_Records to use_
(* Let $\underline{V}=(v_1,\dots,v_n)$ be a random signal whose entries are independent, each $v_i$ being equal to $0$ with probability $1-\alpha$ and drawn from a distribution $f$ with probability $\alpha$. Let $\mathcal{K}=\{v_i : v_i\neq 0\}$ be the support set. Consider a bipartite graph with variable nodes $v_1,\dots,v_n$ and check nodes, in which each edge between $v_i$ and check node $c_j$ carries a weight $w_{ij}$, the weights being drawn i.i.d. from a distribution $g$ independently of the signal. The value of check node $c_j$ is $c_j=\sum_{i:\, v_i\in\mathcal{M}(c_j)} w_{ij}v_i$, where $\mathcal{M}(c)$ denotes the set of variable nodes adjacent to $c$. Suppose at least one of $f$ or $g$ is a continuous distribution. Let $c_i$ and $c_j$ be two distinct check nodes and let $\mathcal{V}_i=\mathcal{M}(c_i)\cap\mathcal{K}$ and $\mathcal{V}_j=\mathcal{M}(c_j)\cap\mathcal{K}$. Then: if $c_i=0$, then $\mathcal{V}_i=\emptyset$ with probability one; and if $\mathcal{V}_i\neq\mathcal{V}_j$, then $\Pr(c_i=c_j)=0$.
   Context: This is the compressed sensing measurement model $\underline{C}=\underline{V}\mathbf{G}$, where the sensing matrix $\mathbf{G}$ is the weighted incidence matrix of the bipartite graph (entry in row $i$, column $j$ equals $w_{ij}$ if $v_i$ and $c_j$ are adjacent and $0$ otherwise). Variable nodes correspond to signal entries and check nodes to measurements. *)

theory Defs
  imports "HOL-Probability.Probability"
begin

text \<open>Variable nodes are indexed by i < n, check nodes by j < m.
  adj i j means variable node v_i is adjacent to check node c_j.\<close>

definition nbrs :: "nat \<Rightarrow> (nat \<Rightarrow> nat \<Rightarrow> bool) \<Rightarrow> nat \<Rightarrow> nat set" where
  "nbrs n adj j = {i. i < n \<and> adj i j}"

definition check_val ::
  "nat \<Rightarrow> (nat \<Rightarrow> nat \<Rightarrow> bool) \<Rightarrow> (nat \<Rightarrow> nat \<Rightarrow> 'a \<Rightarrow> real) \<Rightarrow> (nat \<Rightarrow> 'a \<Rightarrow> real)
     \<Rightarrow> nat \<Rightarrow> 'a \<Rightarrow> real" where
  "check_val n adj w v j \<omega> = (\<Sum>i\<in>nbrs n adj j. w i j \<omega> * v i \<omega>)"

definition support_set :: "nat \<Rightarrow> (nat \<Rightarrow> 'a \<Rightarrow> real) \<Rightarrow> 'a \<Rightarrow> nat set" where
  "support_set n v \<omega> = {i. i < n \<and> v i \<omega> \<noteq> 0}"

definition continuous_distr :: "real measure \<Rightarrow> bool" where
  "continuous_distr \<mu> \<longleftrightarrow> (\<forall>x. measure \<mu> {x} = 0)"

definition sig_weights :: "(nat \<Rightarrow> 'a \<Rightarrow> real) \<Rightarrow> (nat \<Rightarrow> nat \<Rightarrow> 'a \<Rightarrow> real)
     \<Rightarrow> nat + nat \<times> nat \<Rightarrow> 'a \<Rightarrow> real" where
  "sig_weights v w k = (case k of Inl i \<Rightarrow> v i | Inr (i, j) \<Rightarrow> w i j)"

end

theory Submission
  imports Defs
begin

text \<open>A check value is w_ic v_i + R, where R is a measurable function of variables independent
  of the pair (v_i, w_ic). Given all other variables, the event that w_ic v_i cancels R with
  v_i \<noteq> 0 forces the atomless factor of the product to take one prescribed nonzero value, which
  by independence and Fubini has probability zero. As the weights are almost surely nonzero,
  c_a = 0 then forces every v_i adjacent to c_a to vanish, and c_a = c_b forces every v_i
  adjacent to exactly one of the two checks to vanish.\<close>

lemma finite_nbrs [simp]: "finite (nbrs n adj j)"
  unfolding nbrs_def by simp

lemma sig_weights_Inl [simp]: "sig_weights v w (Inl i) = v i"
  and sig_weights_Inr [simp]: "sig_weights v w (Inr (i, j)) = w i j"
  by (simp_all add: sig_weights_def)

text \<open>The real variable is given as \<phi> \<circ> X because indep_var requires both variables to
  take values in the same type.\<close>

lemma (in prob_space) indep_var_AE_eq_fun_imp_zero:
  fixes Y X :: "'a \<Rightarrow> 'b" and h \<phi> :: "'b \<Rightarrow> real"
  assumes ind: "indep_var N Y P X"
    and h[measurable]: "h \<in> borel_measurable N" and \<phi>[measurable]: "\<phi> \<in> borel_measurable P"
    and atomless: "\<And>x. x \<noteq> 0 \<Longrightarrow> \<P>(\<omega> in M. \<phi> (X \<omega>) = x) = 0"
  shows "AE \<omega> in M. \<phi> (X \<omega>) = h (Y \<omega>) \<longrightarrow> \<phi> (X \<omega>) = 0"
proof -
  have Y[measurable]: "Y \<in> measurable M N" and X[measurable]: "X \<in> measurable M P"
    using ind by (blast dest: indep_var_rv1 indep_var_rv2)+
  interpret PY: prob_space "distr M N Y" by (rule prob_space_distr) simp
  interpret PX: prob_space "distr M P X" by (rule prob_space_distr) simp
  interpret pair_sigma_finite "distr M N Y" "distr M P X" ..
  have "AE y in distr M N Y. AE x in distr M P X. \<phi> x = h y \<longrightarrow> \<phi> x = 0"
  proof (rule AE_I2)
    fix y
    show "AE x in distr M P X. \<phi> x = h y \<longrightarrow> \<phi> x = 0"
    proof (cases "h y = 0")
      case False
      then have "AE \<omega> in M. \<phi> (X \<omega>) \<noteq> h y"
        using atomless by (subst prob_Collect_eq_0[symmetric]) auto
      then have "AE \<omega> in M. \<phi> (X \<omega>) = h y \<longrightarrow> \<phi> (X \<omega>) = 0"
        by (rule eventually_mono) simp
      then show ?thesis by (subst AE_distr_iff) simp_all
    qed simp
  qed
  then have AE_prod: "AE p in distr M N Y \<Otimes>\<^sub>M distr M P X. \<phi> (snd p) = h (fst p) \<longrightarrow> \<phi> (snd p) = 0"
    by (subst (asm) AE_pair_iff) measurable
  have joint: "distr M N Y \<Otimes>\<^sub>M distr M P X = distr M (N \<Otimes>\<^sub>M P) (\<lambda>\<omega>. (Y \<omega>, X \<omega>))"
    using ind indep_var_distribution_eq by blast
  have "AE p in distr M (N \<Otimes>\<^sub>M P) (\<lambda>\<omega>. (Y \<omega>, X \<omega>)). \<phi> (snd p) = h (fst p) \<longrightarrow> \<phi> (snd p) = 0"
    using AE_prod unfolding joint .
  then show ?thesis by (subst (asm) AE_distr_iff) simp_all
qed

_What you will do_
Restate exactly the records above from their first line through the line that holds "adj i j means", please, including both and leaving out all others.

_Response to the exercise_
(* Let $\underline{V}=(v_1,\dots,v_n)$ be a random signal whose entries are independent, each $v_i$ being equal to $0$ with probability $1-\alpha$ and drawn from a distribution $f$ with probability $\alpha$. Let $\mathcal{K}=\{v_i : v_i\neq 0\}$ be the support set. Consider a bipartite graph with variable nodes $v_1,\dots,v_n$ and check nodes, in which each edge between $v_i$ and check node $c_j$ carries a weight $w_{ij}$, the weights being drawn i.i.d. from a distribution $g$ independently of the signal. The value of check node $c_j$ is $c_j=\sum_{i:\, v_i\in\mathcal{M}(c_j)} w_{ij}v_i$, where $\mathcal{M}(c)$ denotes the set of variable nodes adjacent to $c$. Suppose at least one of $f$ or $g$ is a continuous distribution. Let $c_i$ and $c_j$ be two distinct check nodes and let $\mathcal{V}_i=\mathcal{M}(c_i)\cap\mathcal{K}$ and $\mathcal{V}_j=\mathcal{M}(c_j)\cap\mathcal{K}$. Then: if $c_i=0$, then $\mathcal{V}_i=\emptyset$ with probability one; and if $\mathcal{V}_i\neq\mathcal{V}_j$, then $\Pr(c_i=c_j)=0$.
   Context: This is the compressed sensing measurement model $\underline{C}=\underline{V}\mathbf{G}$, where the sensing matrix $\mathbf{G}$ is the weighted incidence matrix of the bipartite graph (entry in row $i$, column $j$ equals $w_{ij}$ if $v_i$ and $c_j$ are adjacent and $0$ otherwise). Variable nodes correspond to signal entries and check nodes to measurements. *)

theory Defs
  imports "HOL-Probability.Probability"
begin

text \<open>Variable nodes are indexed by i < n, check nodes by j < m.
  adj i j means variable node v_i is adjacent to check node c_j.\<close>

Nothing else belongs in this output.